■ **Exercise brief**:
Each line that includes "ultimately" must be copied from the records.

■ **Supplied entries**:
lemma kspaces_through_meeting_covered:
  fixes U B :: "('a::{field,finite} ^ 'n) set"
  assumes U: "affine_sub U" and B: "kspace k B" and UB: "\<not> meets_in t U B"
  obtains g :: nat and \<V> :: "('a ^ 'n) set set"
  where "1 \<le> g" "real (card \<V>) \<le> theta CARD('a) (k - t) ^ g"
    "\<And>V. V \<in> \<V> \<Longrightarrow> affine_sub V \<and> adim V = adim U + g"
    "\<And>A. kspace k A \<Longrightarrow> U \<subseteq> A \<Longrightarrow> meets_in t A B \<Longrightarrow> \<exists>V\<in>\<V>. V \<subseteq> A"
proof -
  have B_aff: "affine_sub B" and B_dim: "adim B = k" using B unfolding kspace_def by auto
  obtain u0 where u0: "u0 \<in> U" "U \<inter> B \<noteq> {} \<Longrightarrow> u0 \<in> B"
    using affine_sub_nonempty[OF U] by blast
  obtain b where b: "b \<in> B" using affine_sub_nonempty[OF B_aff] by blast
  define L where "L = vec.span (insert (b - u0) (direction B))"
  define X where "X = direction U \<inter> L"
  define g where "g = max 1 (t + vec.dim L - k - vec.dim X)"
  define MM where "MM = {M. vec.subspace M \<and> X \<subseteq> M \<and> M \<subseteq> L \<and> vec.dim M = vec.dim X + g}"
  define V where "V M = (\<lambda>v. u0 + v) ` {x + y | x y. x \<in> direction U \<and> y \<in> M}" for M
  have L: "vec.subspace L" unfolding L_def by (rule vec.subspace_span)
  have X: "vec.subspace X" unfolding X_def by (intro vec.subspace_inter subspace_direction U L)
  show ?thesis
  proof (rule that[of g "V ` MM"])
    show "1 \<le> g" unfolding g_def by simp
    have "real (card (V ` MM)) \<le> real (card MM)" by (simp add: card_image_le)
    also have "\<dots> \<le> theta CARD('a) (vec.dim L - vec.dim X - g) ^ g"
      unfolding MM_def by (rule card_subspaces_between_le_theta[OF L]) (simp add: X_def)
    also have "\<dots> \<le> theta CARD('a) (k - t) ^ g"
      by (intro power_mono theta_mono card_field_ge_2 less_imp_le[OF theta_pos]) (simp add: g_def)
    finally show "real (card (V ` MM)) \<le> theta CARD('a) (k - t) ^ g" .
  next
    fix W assume "W \<in> V ` MM"
    then obtain M where "M \<in> MM" and W: "W = V M" by blast
    then have M: "vec.subspace M" "vec.dim M = vec.dim X + g" and "direction U \<inter> M = X"
      unfolding MM_def X_def by auto
    have sums: "vec.subspace {x + y | x y. x \<in> direction U \<and> y \<in> M}"
      by (intro vec.subspace_sums subspace_direction U M(1))
    have "vec.dim {x + y | x y. x \<in> direction U \<and> y \<in> M} + vec.dim (direction U \<inter> M)
        = vec.dim (direction U) + vec.dim M"
      by (rule vec.dim_sums_Int[OF subspace_direction[OF U] M(1)])
    then show "affine_sub W \<and> adim W = adim U + g"
      unfolding W V_def adim_def direction_translate[OF sums]
      using affine_sub_translate[OF sums] \<open>direction U \<inter> M = X\<close> M(2) by simp
  next
    fix A assume A: "kspace k A" "U \<subseteq> A" "meets_in t A B"
    have A_aff: "affine_sub A" using A(1) unfolding kspace_def by simp
    have A_L: "vec.subspace (direction A \<inter> L)"
      by (intro vec.subspace_inter subspace_direction A_aff L)
    have "vec.dim X < vec.dim (direction A \<inter> L) \<and> t + vec.dim L \<le> vec.dim (direction A \<inter> L) + k"
      using dim_direction_Int_span_bounds[OF U u0(1) A_aff A(2) B_aff b u0(2) A(3) UB] B_dim
      unfolding X_def L_def by simp
    then have "vec.dim X + g \<le> vec.dim (direction A \<inter> L)" unfolding g_def by linarith
    moreover have "X \<subseteq> direction A \<inter> L" unfolding X_def using direction_mono[OF A(2)] by blast
    ultimately obtain M where M: "vec.subspace M" "X \<subseteq> M" "M \<subseteq> direction A \<inter> L"
        "vec.dim M = vec.dim X + g"
      using subspace_between_exists[OF X A_L] by blast
    then have "M \<in> MM" unfolding MM_def by blast
    moreover have "V M \<subseteq> A"
      unfolding V_def
    proof (rule translate_subset_affine[OF A_aff])
      show "u0 \<in> A" using u0(1) A(2) by blast
      show "{x + y | x y. x \<in> direction U \<and> y \<in> M} \<subseteq> direction A"
        using direction_mono[OF A(2)] M(3) vec.subspace_add[OF subspace_direction[OF A_aff]] by blast
    qed
    ultimately show "\<exists>W\<in>V ` MM. W \<subseteq> A" by blast
  qed
qed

■ **Exercise result**:
    ultimately obtain M where M: "vec.subspace M" "X \<subseteq> M" "M \<subseteq> direction A \<inter> L"
    ultimately show "\<exists>W\<in>V ` MM. W \<subseteq> A" by blast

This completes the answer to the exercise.